2 kilowatt peak installation in the English south-west:






























Output

1800 kWh
Export 900 kWh
FIT 36.5p per kWh
Total value 328.5
Used in the home 900 kWh
Saving in electricity bill 13p per kWh
Total value 117
Total value of installation 445.5

The cost of such an installation today would be about £10,000, meaning a running return of about 4.5%. A PV installation is likely to last 25 years or more, so the installation pays back its cost, but with only a little to spare. In the north of England, the figures would be even less good. PV is nice, but it isn’t a money-spinner. To attract large-scale investment, the FIT might have had to be 50p or more.


Wind is better
A 15 kW turbine at the end of a large rural garden or on a village green would cost about £50,000 (source: Proven Turbines: £41,000 for the turbine and my estimate of £9,000 for installation and grid connection). This machine would generate perhaps 25,000 kilowatt hours on a windy and exposed site with minimal turbulence created by trees. All this would get pumped into the grid. (This is good – you get more cash from exporting the electricity than you would save by using it yourself.)

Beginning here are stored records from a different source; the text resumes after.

lemma rank_strict_mono: "a \<in> P \<Longrightarrow> b \<in> P \<Longrightarrow> le a b \<Longrightarrow> a \<noteq> b \<Longrightarrow> rank a < rank b"
proof (induction "card (interval a b)" arbitrary: a rule: less_induct)
  case less
  obtain c where c: "c \<in> P" "le a c" "le c b" "rank c = Suc (rank a)"
    using rank_step less.prems by blast
  show ?case
  proof (cases "c = b")
    case False
    have "card (interval c b) < card (interval a b)"
      using card_interval_less[OF less.prems(1,2) c(1-3)] c(4) by (metis n_not_Suc_n)
    with less.hyps c less.prems(2) False have "rank c < rank b" by blast
    with c(4) show ?thesis by simp
  qed (use c in simp)
qed

lemma rank_mono: "a \<in> P \<Longrightarrow> b \<in> P \<Longrightarrow> le a b \<Longrightarrow> rank a \<le> rank b"
  using rank_strict_mono by fastforce

lemma chain_rank_le_imp_le:
  assumes "is_chain P le C" "a \<in> C" "d \<in> C" "rank d \<le> rank a"
  shows "le d a"
proof -
  have "a \<in> P" "d \<in> P" using assms unfolding is_chain_def by auto
  moreover have "le d a \<or> le a d" using assms(1-3) unfolding is_chain_def by blast
  ultimately show ?thesis using rank_strict_mono assms(4) refl by fastforce
qed

lemma chain_between:
  assumes "a \<in> P" "b \<in> P" "le a b"
  shows "\<exists>C. is_chain P le C \<and> a \<in> C \<and> (\<forall>x\<in>C. le a x \<and> le x b) \<and> card C = Suc (rank b - rank a)"
  using assms
proof (induction "card (interval a b)" arbitrary: a rule: less_induct)
  case less
  show ?case
  proof (cases "a = b")
    case True
    have "is_chain P le {a}" unfolding is_chain_def using less.prems refl by blast
    with True less.prems refl show ?thesis by (intro exI[of _ "{a}"]) auto
  next
    case False
    obtain c where c: "c \<in> P" "le a c" "le c b" "rank c = Suc (rank a)"
      using rank_step less.prems False by blast
    have "card (interval c b) < card (interval a b)"
      using card_interval_less[OF less.prems(1,2) c(1-3)] c(4) by (metis n_not_Suc_n)
    then obtain C where C: "is_chain P le C" "c \<in> C" "\<forall>x\<in>C. le c x \<and> le x b"
        "card C = Suc (rank b - rank c)"
      using less.hyps c(1,3) less.prems(2) by blast
    have CP: "C \<subseteq> P" using C(1) unfolding is_chain_def by blast
    have above_a: "\<forall>x\<in>C. le a x \<and> le x b" using C(3) c(1,2) CP less.prems(1) trans by blast
    have "a \<notin> C" using C(3) antisym[OF c(1) less.prems(1)] c(2,4) by fastforce
    moreover have "is_chain P le (insert a C)"
      using C(1) less.prems(1) above_a CP refl unfolding is_chain_def by blast
    moreover have "finite C" using CP finite_carrier finite_subset by blast
    moreover have "rank c \<le> rank b" using rank_mono c(1,3) less.prems(2) by blast
    ultimately show ?thesis using C(4) c(4) above_a less.prems refl
      by (intro exI[of _ "insert a C"]) auto
  qed
qed

lemma card_chain_below:
  assumes "is_chain P le C" "a \<in> P" "\<forall>c\<in>C. le c a"
  shows "card C \<le> Suc (rank a)"
proof -
  have CP: "C \<subseteq> P" using assms unfolding is_chain_def by blast
  have "inj_on rank C"
  proof (rule inj_onI)
    fix x y assume "x \<in> C" "y \<in> C" "rank x = rank y"
    then show "x = y" using chain_rank_le_imp_le[OF assms(1)] antisym CP by (metis le_refl subsetD)
  qed
  moreover have "rank ` C \<subseteq> {..rank a}" using rank_mono assms CP by fastforce
  ultimately show ?thesis by (metis card_atMost card_image card_mono finite_atMost)
qed

lemma height_eq_rank:
  assumes "a \<in> P" shows "height P le a = rank a"
proof -
  let ?lengths = "{chain_length C | C. is_chain P le C \<and> (\<forall>c\<in>C. le c a)}"
  obtain C where C: "is_chain P le C" "\<forall>x\<in>C. le bot x \<and> le x a" "card C = Suc (rank a)"
    using chain_between[OF bot_in assms bot_le[OF assms]] rank_bot by auto
  then have "rank a \<in> ?lengths" unfolding chain_length_def by force
  moreover have bounded: "\<forall>l\<in>?lengths. l \<le> rank a"
    using card_chain_below[OF _ assms] unfolding chain_length_def by fastforce
  moreover from bounded have "finite ?lengths" by (meson finite_atMost finite_subset atMost_iff subsetI)
  ultimately show ?thesis unfolding height_def by (meson Max_eqI)
qed

lemma maximal_chain_ends:
  assumes "maximal_chain P le C"
  shows "bot \<in> C" "top \<in> C"
proof -
  have C: "is_chain P le C" "C \<subseteq> P"
    using assms unfolding maximal_chain_def is_chain_def by blast+
  have "is_chain P le (insert bot C)" "is_chain P le (insert top C)"
    using C bot_in top_in bot_le le_top refl unfolding is_chain_def by blast+
  with assms show "bot \<in> C" "top \<in> C" unfolding maximal_chain_def by blast+
qed

text \<open>A gap \<open>k\<close> in the ranks along a maximal chain would be bridged by a rank step from the last
  element below \<open>k\<close>, contradicting maximality.\<close>

lemma maximal_chain_rank_onto:
  assumes mc: "maximal_chain P le C" and k: "k \<le> rank top"
  shows "k \<in> rank ` C"
proof (rule ccontr)
  assume gap: "k \<notin> rank ` C"
  have ch: "is_chain P le C" using mc unfolding maximal_chain_def by blast
  then have CP: "C \<subseteq> P" unfolding is_chain_def by blast
  have "bot \<in> C" "top \<in> C" using maximal_chain_ends[OF mc] .
  with gap k rank_bot have "0 < k" "k < rank top" by (auto simp: image_iff le_less)
  obtain a where a: "a \<in> C" "rank a < k" and a_max: "\<And>d. d \<in> C \<Longrightarrow> rank d < k \<Longrightarrow> rank d \<le> rank a"
    using Lattices_Big.ex_has_greatest_nat[of "\<lambda>d. d \<in> C \<and> rank d < k" bot rank k]
      \<open>bot \<in> C\<close> \<open>0 < k\<close> rank_bot by auto
  obtain b where b: "b \<in> C" "k < rank b" and b_min: "\<And>d. d \<in> C \<Longrightarrow> k < rank d \<Longrightarrow> rank b \<le> rank d"
    using ex_has_least_nat[of "\<lambda>d. d \<in> C \<and> k < rank d" top rank]
      \<open>top \<in> C\<close> \<open>k < rank top\<close> by auto
  have "le a b" "a \<noteq> b" using chain_rank_le_imp_le[OF ch b(1) a(1)] a(2) b(2) by auto
  then obtain c where c: "c \<in> P" "le a c" "le c b" "rank c = Suc (rank a)"
    using rank_step a(1) b(1) CP by blast
  have "c \<notin> C"
  proof
    assume "c \<in> C"
    with gap a(2) c(4) have "rank c < k" by (metis image_eqI Suc_leI le_neq_implies_less)
    with a_max[OF \<open>c \<in> C\<close>] c(4) show False by simp
  qed
  moreover have "is_chain P le (insert c C)"
  proof -
    have "le d c \<or> le c d" if "d \<in> C" for d
    proof (cases "rank d < k")
      case True
      then have "le d a" using chain_rank_le_imp_le[OF ch a(1) that] a_max[OF that] by blast
      then show ?thesis using trans that a(1) c(1,2) CP by blast
    next
      case False
      with gap that have "k < rank d" by (metis image_eqI linorder_neqE_nat)
      then have "le b d" using chain_rank_le_imp_le[OF ch that b(1)] b_min[OF that] by blast
      then show ?thesis using trans that b(1) c(1,3) CP by blast
    qed
    then show ?thesis using ch c(1) refl unfolding is_chain_def by auto
  qed
  ultimately show False using mc unfolding maximal_chain_def by blast
qed

lemma card_maximal_chain:
  assumes "maximal_chain P le C"
  shows "card C = Suc (rank top)"
proof -
  have ch: "is_chain P le C" using assms unfolding maximal_chain_def by blast
  then have "finite C" using finite_carrier finite_subset unfolding is_chain_def by blast
  have "{..rank top} \<subseteq> rank ` C" using maximal_chain_rank_onto[OF assms] by blast
  then have "Suc (rank top) \<le> card C"
    using card_mono[OF finite_imageI[OF \<open>finite C\<close>]] card_image_le[OF \<open>finite C\<close>]
    by (metis card_atMost le_trans)
  moreover have "card C \<le> Suc (rank top)" using card_chain_below[OF ch top_in] le_top ch
    unfolding is_chain_def by blast
  ultimately show ?thesis by simp
qed

lemma graded: "graded P le"
  unfolding graded_def chain_length_def using card_maximal_chain by simp

lemma bounded: "bounded_poset P le"
  unfolding bounded_poset_def is_min_def is_max_def
  using partial_order bot_in top_in bot_le le_top by blast

end

lemma polestar_systemD:
  assumes "polestar_system X A"
  shows "set_pair_system X A" "is_partition X (parts A)"
    "\<forall>p\<in>A. \<forall>q\<in>A. p \<noteq> q \<longrightarrow> fst p \<noteq> fst q"
    "\<forall>(S,H)\<in>A. H \<noteq> {} \<longrightarrow> (H,{}) \<in> A \<and> (\<exists>!q. q \<in> A \<and> q \<noteq> (S,H) \<and> snd q = H)"
  using assms unfolding polestar_system_def by auto

lemma polestar_pairD:
  assumes "polestar_system X A" "(S,H) \<in> A"
  shows "S \<subseteq> X" "H \<subseteq> X" "S \<noteq> {}" "S \<inter> H = {}"
  using polestar_systemD(1)[OF assms(1)] assms(2) unfolding set_pair_system_def by auto

lemma polestar_overlap:
  assumes "polestar_system X A" "(S,H) \<in> A" "(S',H') \<in> A" "S \<inter> S' \<noteq> {}"
  shows "S = S' \<and> H = H'"
proof -
  have "S \<in> parts A" "S' \<in> parts A" using assms(2,3) unfolding parts_def by auto
  with polestar_systemD(2)[OF assms(1)] assms(4) have "S = S'"
    unfolding is_partition_def by blast
  with polestar_systemD(3)[OF assms(1)] assms(2,3) show ?thesis by fastforce
qed

lemma polestar_holeD:
  assumes "polestar_system X A" "(S,H) \<in> A" "H \<noteq> {}"
  shows "(H,{}) \<in> A" "\<exists>!q. q \<in> A \<and> q \<noteq> (S,H) \<and> snd q = H"
proof -
  have "case (S,H) of (S,H) \<Rightarrow>
      H \<noteq> {} \<longrightarrow> (H,{}) \<in> A \<and> (\<exists>!q. q \<in> A \<and> q \<noteq> (S,H) \<and> snd q = H)"
    using polestar_systemD(4)[OF assms(1)] assms(2) by (rule bspec)
  with assms(3) show "(H,{}) \<in> A" "\<exists>!q. q \<in> A \<and> q \<noteq> (S,H) \<and> snd q = H" by simp_all
qed

lemma polestar_hole_in:
  assumes "polestar_system X A" "(S,H) \<in> A" "H \<noteq> {}"
  shows "(H,{}) \<in> A"
  using polestar_holeD(1)[OF assms] .

lemma polestar_hole_twin:
  assumes "polestar_system X A" "(S,H) \<in> A" "H \<noteq> {}"
  obtains S' where "S' \<noteq> S" "(S',H) \<in> A"
proof -
  obtain q where "q \<in> A" "q \<noteq> (S,H)" "snd q = H"
    using polestar_holeD(2)[OF assms] by blast
  then show thesis using that by (cases q) simp
qed

lemma polestar_hole_at_most_two:
  assumes "polestar_system X A" "(S1,H) \<in> A" "(S2,H) \<in> A" "(S3,H) \<in> A" "H \<noteq> {}"
  shows "S1 = S2 \<or> S1 = S3 \<or> S2 = S3"
proof (rule ccontr)
  assume distinct: "\<not> ?thesis"
  obtain q where "q \<in> A \<and> q \<noteq> (S1,H) \<and> snd q = H"
    and unique: "\<forall>y. y \<in> A \<and> y \<noteq> (S1,H) \<and> snd y = H \<longrightarrow> y = q"
    using polestar_holeD(2)[OF assms(1,2,5)] by (rule ex1E)
  have "(S2,H) = q" using unique[rule_format, of "(S2,H)"] assms(3) distinct by fastforce
  moreover have "(S3,H) = q" using unique[rule_format, of "(S3,H)"] assms(4) distinct by fastforce
  ultimately have "S2 = S3" by (metis prod.inject)
  with distinct show False by simp
qed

15 kilowatt wind turbine in a good location:
























Output

25,000 kWh
Export 25,000 kWh
FIT 23p per kWh
Total value 5750
Less: yearly maintenance cost (estimate) 750
Total value of installation 5000

If these estimates are correct, the return on a 15 kilowatt turbine would be 10% p.a. A machine should last twenty years or more. It isn’t a return that would excite Goldman Sachs, but it isn’t bad. Go for a wind turbine, not for the more glamorous solar panels.